Dennis Fewless, who recently retired from the health department as director of Division of Water Quality, will return to the department part-time to oversee the project. Fewless will work with the companies to set up testing procedures and verify the treatment will have no environmental impacts.

“It is an important project and we wanted somebody to be able to dedicate some time to it,” Radig said.

Symmetry Oilfield Solutions of Colorado and Renewable Resources LLC of Killdeer also are approved by the health department to do test projects. Those companies do not plan to work with the EERC, but they will be required to work with a certified lab, Radig said.

“Each company kind of has their own unique ideas and ways that they think that they can work with this material beneficially,” Radig said.

State leaders, including Gov. Jack Dalrymple, joined Johnsrud in making the announcement at the Capitol on Monday. Legislators approved a bill last session, House Bill 1390, which paved the way for the pilot projects.
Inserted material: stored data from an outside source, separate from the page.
(* Let $\eta>0$ and let $F$ be the (possibly defective) distribution function of a random variable $V$ with values in $(0,+\infty]$, admitting a density $f$ on $(0,\infty)$ and hazard function $h(t)=f(t)/(1-F(t))$ for $t>0$, and suppose that $\int_0^\infty h(t)\,\mathrm{d}t<1$. Construct random times $0<T_1<T_2<\cdots$ as follows. At time $0$, draw $V^{(0)}_0\sim\mathrm{Exponential}(\eta)$ and set $T_1=V^{(0)}_0$. Recursively, for $i\ge 1$, given $T_1,\dots,T_i$ and independently of everything drawn previously, draw mutually independent random variables $V^{(i)}_0\sim \mathrm{Exponential}(\eta)$ and, for each $j=1,\dots,i$, $V^{(i)}_j$ with the law of $V-(T_i-T_j)$ conditional on $V\ge T_i-T_j$, where $V\sim F$; then set $W_i=\min_{0\le j\le i}V^{(i)}_j$ and $T_{i+1}=T_i+W_i$. Let $N$ be the point process on $\mathbb{R}_+$ with atoms at the times $T_1,T_2,\dots$, i.e. $N(A)=\sum_{i\ge1}\mathbf{1}_{\{T_i\in A\}}$. Then $N$ has conditional intensity $$\lambda(t)=\eta+\int_{-\infty}^{t}h(t-s)\,N(\mathrm{d}s)=\eta+\sum_{T_j<t}h(t-T_j),$$ i.e. $N$ is a Hawkes process with baseline intensity $\eta$ and excitation function $h$.
   Context: For a simple point process on $\mathbb{R}_+$ with event times $T_1<T_2<\cdots$ (and $T_0=0$), its conditional intensity is defined piecewise: for $T_{i}<t\le T_{i+1}$, $\lambda(t)=f_{i+1}(t\mid\mathcal{H}_t)/S_{i+1}(t\mid\mathcal{H}_t)$, where $f_{i+1}(\cdot\mid\mathcal{H}_t)$ is the conditional density of the next event time $T_{i+1}$ given the history (the previous event times $T_1,\dots,T_i$) and $S_{i+1}(t\mid\mathcal{H}_t)=1-\int_{T_i}^t f_{i+1}(s\mid\mathcal{H}_t)\,\mathrm{d}s$ is the associated survival function; that is, between events, $\lambda$ is the hazard function of the next event time given the past. A Hawkes process with baseline $\eta>0$ and excitation function $h\ge0$ is a point process with conditional intensity $\lambda(t)=\eta+\sum_{T_j<t}h(t-T_j)$. A distribution $F$ is called defective if $\lim_{t\to\infty}F(t)<1$ (positive mass at $+\infty$). *)

theory Defs
  imports "HOL-Probability.Probability"
begin

text \<open>Law of V - c conditional on V \<ge> c, where V has law mu (a measure on ereal,
  values in (0,+\<infinity>]).\<close>
definition cond_excess :: "ereal measure \<Rightarrow> real \<Rightarrow> ereal measure" where
  "cond_excess mu c = distr (uniform_measure mu {ereal c..}) borel (\<lambda>v. v - ereal c)"

definition last_time :: "real list \<Rightarrow> real" where
  "last_time ts = (if ts = [] then 0 else last ts)"

text \<open>The construction: given the history ts = [T_1,...,T_i], the next event time is
  T_{i+1} = T_i + min_{0\<le>j\<le>i} V^(i)_j with V^(i)_0 ~ Exp(eta) and
  V^(i)_j ~ law of V - (T_i - T_j) given V \<ge> T_i - T_j, all mutually independent.
  This is the conditional law of T_{i+1} given T_1,...,T_i.\<close>
definition next_time_law :: "ereal measure \<Rightarrow> real \<Rightarrow> real list \<Rightarrow> ereal measure" where
  "next_time_law mu eta ts =
     (let l = last_time ts; n = length ts in
      distr (PiM {0..n} (\<lambda>j. if j = 0
                              then distr (density lborel (exponential_density eta)) borel ereal
                              else cond_excess mu (l - ts ! (j - 1))))
            borel (\<lambda>\<omega>. ereal l + Min (\<omega> ` {0..n})))"

end

theory Submission
  imports Defs
begin

(*
  Given the history T_1 < ... < T_i, the waiting time W_i is the minimum of independent lifetimes:
  an Exp(eta) clock and, for each j, the residual lifetime of V beyond the age T_i - T_j.
  Survival functions of independent variables multiply, and if G_k = 1 - \<integral>_0^w g_k then
  G_1 ... G_m = 1 - \<integral>_0^w \<Sum>_j g_j \<Prod>_{k \<noteq> j} G_k (a Fubini argument, by induction on m).
  Hence the hazard of the minimum is the sum of the hazards: eta for the clock and
  h(T_i - T_j + w) for the residual lifetimes, which is the Hawkes intensity at t = T_i + w.
  The hypothesis \<integral> h < 1 is what makes the conditionings well defined: by an intermediate value
  argument, the survival function of V never drops below 1 - \<integral> h > 0.
*)

lemma sum_mult_prod_remove:
  fixes G g :: "'i \<Rightarrow> 'a::field"
  assumes "finite I" and "\<And>i. i \<in> I \<Longrightarrow> G i \<noteq> 0"
  shows "(\<Sum>j\<in>I. g j * (\<Prod>k\<in>I-{j}. G k)) = (\<Prod>k\<in>I. G k) * (\<Sum>j\<in>I. g j / G j)"
  unfolding sum_distrib_left
proof (rule sum.cong)
  fix j assume "j \<in> I"
  then show "g j * (\<Prod>k\<in>I-{j}. G k) = (\<Prod>k\<in>I. G k) * (g j / G j)"
    using assms by (simp add: prod.remove[of I j])
qed simp

lemma nn_integral_split_weight:
  fixes p Q :: "real \<Rightarrow> real"
  assumes [measurable]: "p \<in> borel_measurable borel" "Q \<in> borel_measurable borel" "A \<in> sets borel"
    and "\<And>s. 0 \<le> p s" and "\<And>s. 0 \<le> Q s" and "\<And>s. Q s \<le> 1"
  shows "(\<integral>\<^sup>+s\<in>A. ennreal (p s) \<partial>lborel) =
    (\<integral>\<^sup>+s\<in>A. ennreal (p s * Q s) \<partial>lborel) + (\<integral>\<^sup>+s\<in>A. ennreal (p s * (1 - Q s)) \<partial>lborel)"
proof -
  have "ennreal (p s) * indicator A s =
      ennreal (p s * Q s) * indicator A s + ennreal (p s * (1 - Q s)) * indicator A s" for s
  proof -
    have "ennreal (p s) = ennreal (p s * Q s + p s * (1 - Q s))"
      by (simp add: algebra_simps)
    then show ?thesis
      using assms(4-6)[of s] by (simp add: ennreal_plus distrib_right)
  qed
  then show ?thesis
    by (simp add: nn_integral_add)
qed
Tons of oilfield waste disposed of in North Dakota*

2014: 2.5 million

2013: 1.8 million

2012: 1.1 million

2011: 0.5 million

Source: North Dakota Department of Health

Figures represent oilfield waste, primarily drilling waste, disposed of in special waste landfills permitted by the North Dakota Department of Health. It does not include drilling waste buried on drilling locations, which is how a majority of the waste gets disposed of. Figures for 2015 are expected to be lower due to the drop in drilling.